(* Let $\tfrac12 H_{24}$ denote the halved $24$-cube (defined below). For each integer $c\in\{3,6,8,9,11,12\}\cup\{14,15,16,\dots,128\}$ there exists a set $C\subset V(\tfrac12 H_{24})$ whose characteristic function $\chi_C$ is a perfect coloring of $\tfrac12 H_{24}$ with parameters $((20+c,\,256-c)(c,\,276-c))$.
   Context: $E^n$ is the set of binary words of length $n$; the (Hamming) distance between two words is the number of positions where they differ, and the weight of a word is its number of ones. The halved $24$-cube $\tfrac12 H_{24}$ is the graph whose vertices are the even-weight words of $E^{24}$, two of them adjacent iff they are at Hamming distance exactly $2$ (it is regular of degree $276$; the analogous graph on odd-weight words is isomorphic to it). For a graph $G$ and a set $C$ with $\emptyset\neq C\subsetneq V(G)$, the characteristic function $\chi_C$ is a perfect coloring with parameters $((a,b)(c,d))$ if every vertex of $C$ has exactly $a$ neighbours in $C$ and exactly $b$ neighbours outside $C$, and every vertex outside $C$ has exactly $c$ neighbours in $C$ and exactly $d$ neighbours outside $C$. *)

theory Defs
  imports Main
begin

definition weight :: "bool list \<Rightarrow> nat" where
  "weight w = length (filter id w)"

definition hamming :: "bool list \<Rightarrow> bool list \<Rightarrow> nat" where
  "hamming u v = length (filter (\<lambda>(a, b). a \<noteq> b) (zip u v))"

definition halved_cube_vertices :: "nat \<Rightarrow> bool list set" where
  "halved_cube_vertices n = {w. length w = n \<and> even (weight w)}"

definition halved_cube_adj :: "bool list \<Rightarrow> bool list \<Rightarrow> bool" where
  "halved_cube_adj u v \<longleftrightarrow> hamming u v = 2"

definition perfect_coloring_params ::
  "'v set \<Rightarrow> ('v \<Rightarrow> 'v \<Rightarrow> bool) \<Rightarrow> 'v set \<Rightarrow> nat \<Rightarrow> nat \<Rightarrow> nat \<Rightarrow> nat \<Rightarrow> bool" where
  "perfect_coloring_params V adj C a b c d \<longleftrightarrow>
     C \<noteq> {} \<and> C \<subset> V \<and>
     (\<forall>x\<in>C. card {y\<in>V. adj x y \<and> y \<in> C} = a \<and> card {y\<in>V. adj x y \<and> y \<notin> C} = b) \<and>
     (\<forall>x\<in>V - C. card {y\<in>V. adj x y \<and> y \<in> C} = c \<and> card {y\<in>V. adj x y \<and> y \<notin> C} = d)"

end

theory Submission
  imports Defs
begin

text \<open>
  Identify a binary word with its
  support and write \<open>\<oplus>\<close> for symmetric difference.  Let \<open>col 0, \<dots>, col 23\<close> be the columns of a
  parity-check matrix \<open>(B | I)\<close> of the extended Golay code; the syndrome of a word is the
  \<open>\<oplus>\<close>-sum of the columns on its support.  Neighbours in the halved 24-cube arise by flipping two
  coordinates \<open>i < j\<close>, which adds \<open>col i \<oplus> col j\<close> to the syndrome.  So the preimage of a set \<open>S\<close>
  of syndromes is a perfect colouring with parameters \<open>((c+20, 256-c), (c, 276-c))\<close> once \<open>S\<close> is
  equitable: each even syndrome \<open>s\<close> has exactly \<open>c + 20\<cdot>[s \<in> S]\<close> shifts \<open>s \<oplus> col i \<oplus> col j\<close> in
  \<open>S\<close>.  Disjoint equitable sets add up.  Building blocks: translates \<open>{s\<^sub>0 \<oplus> col k}\<close> by an odd
  syndrome (\<open>c = 3\<close>, since the 1- and 3-subsets of coordinates are exactly the coset leaders of
  the odd syndromes) and classes of a 5-bit parity map (\<open>c = 8\<close>).  Seven pairwise disjoint
  translates, fifteen classes avoiding them and one further class give every \<open>c = 3a + 8b\<close> of the
  theorem.
\<close>

text \<open>Symmetric difference is addition of characteristic vectors over the two-element field.\<close>

definition symdiff :: "'a set \<Rightarrow> 'a set \<Rightarrow> 'a set" (infixl "\<oplus>" 65) where
  "A \<oplus> B = (A - B) \<union> (B - A)"

lemma symdiff_cancel_left [simp]: "A \<oplus> (A \<oplus> B) = B"
  by (auto simp: symdiff_def)

lemma symdiff_cancel_right [simp]: "B \<oplus> A \<oplus> A = B"
  by (auto simp: symdiff_def)

lemma symdiff_empty_iff: "A \<oplus> B = {} \<longleftrightarrow> A = B"
  by (auto simp: symdiff_def)

lemma finite_symdiff [simp]: "finite A \<Longrightarrow> finite B \<Longrightarrow> finite (A \<oplus> B)"
  by (simp add: symdiff_def)

lemma odd_card_symdiff:
  assumes "finite A" "finite B"
  shows "odd (card (A \<oplus> B)) \<longleftrightarrow> odd (card A) \<noteq> odd (card B)"
proof -
  have "A \<oplus> B = (A \<union> B) - (A \<inter> B)"
    by (auto simp: symdiff_def)
  then have "card (A \<oplus> B) = card (A \<union> B) - card (A \<inter> B)"
    using assms by (simp add: card_Diff_subset Int_lower1 le_supI1)
  moreover have "card (A \<inter> B) \<le> card (A \<union> B)"
    using assms by (intro card_mono) auto
  moreover have "card A + card B = card (A \<union> B) + card (A \<inter> B)"
    using assms by (rule card_Un_Int)
  ultimately show ?thesis
    by presburger
qed

interpretation Xor: comm_monoid_set "(\<oplus>) :: 'a set \<Rightarrow> 'a set \<Rightarrow> 'a set" "{}"
  by unfold_locales (auto simp: symdiff_def)

lemma Xor_symdiff:
  assumes "finite A" "finite B"
  shows "Xor.F g (A \<oplus> B) = Xor.F g A \<oplus> Xor.F g B"
proof -
  have split: "Xor.F g X = Xor.F g (X - Y) \<oplus> Xor.F g (X \<inter> Y)" if "finite X" for X Y
    using Xor.union_disjoint[of "X - Y" "X \<inter> Y" g] that
    by (simp add: Un_Diff_Int Diff_Int_distrib2 inf_commute)
  have "Xor.F g (A \<oplus> B) = Xor.F g (A - B) \<oplus> Xor.F g (B - A)"
    using Xor.union_disjoint[of "A - B" "B - A" g] assms by (auto simp: symdiff_def[of A B])
  then show ?thesis
    using split[of A B] split[of B A] assms by (auto simp: symdiff_def Int_commute)
qed

definition supp :: "bool list \<Rightarrow> nat set" where
  "supp x = {i. i < length x \<and> x ! i}"

lemma finite_supp [simp]: "finite (supp x)"
  by (simp add: supp_def)

lemma supp_subset: "supp x \<subseteq> {..<length x}"
  by (auto simp: supp_def)

lemma weight_eq_card_supp: "weight x = card (supp x)"
  unfolding weight_def supp_def by (simp add: length_filter_conv_card)

lemma supp_inject: "length x = length y \<Longrightarrow> supp x = supp y \<Longrightarrow> x = y"
  by (auto simp: supp_def list_eq_iff_nth_eq set_eq_iff)

lemma hamming_eq_card_supp:
  assumes "length x = length y"
  shows "hamming x y = card (supp x \<oplus> supp y)"
proof -
  have "hamming x y = card {k. k < length x \<and> x ! k \<noteq> y ! k}"
    using assms unfolding hamming_def
    by (simp add: length_filter_conv_card) (rule arg_cong[where f = card], auto simp: nth_zip)
  also have "{k. k < length x \<and> x ! k \<noteq> y ! k} = supp x \<oplus> supp y"
    using assms by (auto simp: supp_def symdiff_def)
  finally show ?thesis .
qed

definition flip2 :: "bool list \<Rightarrow> nat \<Rightarrow> nat \<Rightarrow> bool list" where
  "flip2 x i j = x[i := \<not> x ! i, j := \<not> x ! j]"

lemma length_flip2 [simp]: "length (flip2 x i j) = length x"
  by (simp add: flip2_def)

lemma supp_flip2:
  assumes "i \<noteq> j" "i < length x" "j < length x"
  shows "supp (flip2 x i j) = supp x \<oplus> {i, j}"
  using assms by (auto simp: supp_def symdiff_def flip2_def nth_list_update)

definition pairs :: "nat \<Rightarrow> (nat \<times> nat) set" where
  "pairs n = {(i, j). i < j \<and> j < n}"

lemma finite_pairs [simp]: "finite (pairs n)"
  by (rule finite_subset[of _ "{..<n} \<times> {..<n}"]) (auto simp: pairs_def)

lemma flip2_neighbour:
  assumes x: "x \<in> halved_cube_vertices n" and ij: "(i, j) \<in> pairs n"
  shows "flip2 x i j \<in> halved_cube_vertices n \<and> halved_cube_adj x (flip2 x i j)"
proof -
  have len: "length x = n" and ev: "even (card (supp x))"
    using x by (auto simp: halved_cube_vertices_def weight_eq_card_supp)
  have flipped: "supp (flip2 x i j) = supp x \<oplus> {i, j}"
    using ij len by (intro supp_flip2) (auto simp: pairs_def)
  have "i \<noteq> j" using ij by (simp add: pairs_def)
  then have "even (card (supp (flip2 x i j)))"
    using ev odd_card_symdiff[of "supp x" "{i, j}"] by (simp add: flipped)
  moreover have "card (supp x \<oplus> supp (flip2 x i j)) = 2"
    using \<open>i \<noteq> j\<close> by (simp add: flipped)
  ultimately show ?thesis
    using len by (simp add: halved_cube_vertices_def halved_cube_adj_def weight_eq_card_supp
        hamming_eq_card_supp)
qed

lemma neighbour_is_flip2:
  assumes x: "x \<in> halved_cube_vertices n" and y: "y \<in> halved_cube_vertices n"
    and adj: "halved_cube_adj x y"
  obtains i j where "(i, j) \<in> pairs n" "y = flip2 x i j"
proof -
  have len: "length x = n" "length y = n"
    using x y by (auto simp: halved_cube_vertices_def)
  then have "card (supp x \<oplus> supp y) = 2"
    using adj by (simp add: halved_cube_adj_def hamming_eq_card_supp)
  then obtain u v where uv: "supp x \<oplus> supp y = {u, v}" "u \<noteq> v"
    by (auto simp: card_2_iff)
  define a b where "a = min u v" and "b = max u v"
  have ab: "supp x \<oplus> supp y = {a, b}" "a < b"
    using uv by (auto simp: a_def b_def min_def max_def)
  have "b < n"
    using ab(1) len supp_subset[of x] supp_subset[of y] by (auto simp: symdiff_def)
  have "supp y = supp (flip2 x a b)"
    using ab \<open>b < n\<close> len by (simp add: supp_flip2 flip: ab(1))
  then have "y = flip2 x a b"
    using len by (intro supp_inject) simp_all
  then show thesis
    using that ab(2) \<open>b < n\<close> by (simp add: pairs_def)
qed

lemma inj_on_flip2:
  assumes "length x = n"
  shows "inj_on (\<lambda>(i, j). flip2 x i j) (pairs n)"
proof (rule inj_onI, clarsimp simp: pairs_def)
  fix a b c d
  assume "a < b" "b < n" "c < d" "d < n" "flip2 x a b = flip2 x c d"
  then have "supp x \<oplus> {a, b} = supp x \<oplus> {c, d}"
    using assms supp_flip2[of a b x] supp_flip2[of c d x] by simp
  then have "{a, b} = {c, d}"
    by (metis symdiff_cancel_left)
  then show "a = c \<and> b = d"
    using \<open>a < b\<close> \<open>c < d\<close> by (auto simp: doubleton_eq_iff)
qed

lemma card_neighbours:
  assumes x: "x \<in> halved_cube_vertices n"
  shows "card {y \<in> halved_cube_vertices n. halved_cube_adj x y \<and> P y}
       = card {(i, j) \<in> pairs n. P (flip2 x i j)}"
proof -
  have "{y \<in> halved_cube_vertices n. halved_cube_adj x y \<and> P y}
      = (\<lambda>(i, j). flip2 x i j) ` {(i, j) \<in> pairs n. P (flip2 x i j)}" (is "?N = ?F ` ?Q")
  proof
    show "?N \<subseteq> ?F ` ?Q"
    proof
      fix y assume y: "y \<in> ?N"
      then obtain i j where "(i, j) \<in> pairs n" "y = flip2 x i j"
        using neighbour_is_flip2[OF x] by blast
      then show "y \<in> ?F ` ?Q"
        using y by force
    qed
    show "?F ` ?Q \<subseteq> ?N"
      using flip2_neighbour[OF x] by auto
  qed
  moreover have "inj_on (\<lambda>(i, j). flip2 x i j) {(i, j) \<in> pairs n. P (flip2 x i j)}"
    using x by (auto simp: halved_cube_vertices_def intro: inj_on_subset[OF inj_on_flip2])
  ultimately show ?thesis
    by (simp add: card_image)
qed

lemma card_neighbours_compl:
  assumes x: "x \<in> halved_cube_vertices n"
  shows "card {y \<in> halved_cube_vertices n. halved_cube_adj x y \<and> \<not> P y}
       = card (pairs n) - card {(i, j) \<in> pairs n. P (flip2 x i j)}"
proof -
  define Q where "Q = {(i, j) \<in> pairs n. P (flip2 x i j)}"
  have "{(i, j) \<in> pairs n. \<not> P (flip2 x i j)} = pairs n - Q"
    by (auto simp: Q_def)
  moreover have "card (pairs n - Q) = card (pairs n) - card Q"
    by (rule card_Diff_subset) (auto simp: Q_def intro: finite_subset[OF _ finite_pairs])
  ultimately show ?thesis
    using card_neighbours[OF x, of "\<lambda>y. \<not> P y"] by (simp add: Q_def)
qed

Problem statement:
Transcribe the records above from the line holding "obtains i j" down to the line holding "fix a b c d", inclusive, without adding anything.

Response:
  obtains i j where "(i, j) \<in> pairs n" "y = flip2 x i j"
proof -
  have len: "length x = n" "length y = n"
    using x y by (auto simp: halved_cube_vertices_def)
  then have "card (supp x \<oplus> supp y) = 2"
    using adj by (simp add: halved_cube_adj_def hamming_eq_card_supp)
  then obtain u v where uv: "supp x \<oplus> supp y = {u, v}" "u \<noteq> v"
    by (auto simp: card_2_iff)
  define a b where "a = min u v" and "b = max u v"
  have ab: "supp x \<oplus> supp y = {a, b}" "a < b"
    using uv by (auto simp: a_def b_def min_def max_def)
  have "b < n"
    using ab(1) len supp_subset[of x] supp_subset[of y] by (auto simp: symdiff_def)
  have "supp y = supp (flip2 x a b)"
    using ab \<open>b < n\<close> len by (simp add: supp_flip2 flip: ab(1))
  then have "y = flip2 x a b"
    using len by (intro supp_inject) simp_all
  then show thesis
    using that ab(2) \<open>b < n\<close> by (simp add: pairs_def)
qed

lemma inj_on_flip2:
  assumes "length x = n"
  shows "inj_on (\<lambda>(i, j). flip2 x i j) (pairs n)"
proof (rule inj_onI, clarsimp simp: pairs_def)
  fix a b c d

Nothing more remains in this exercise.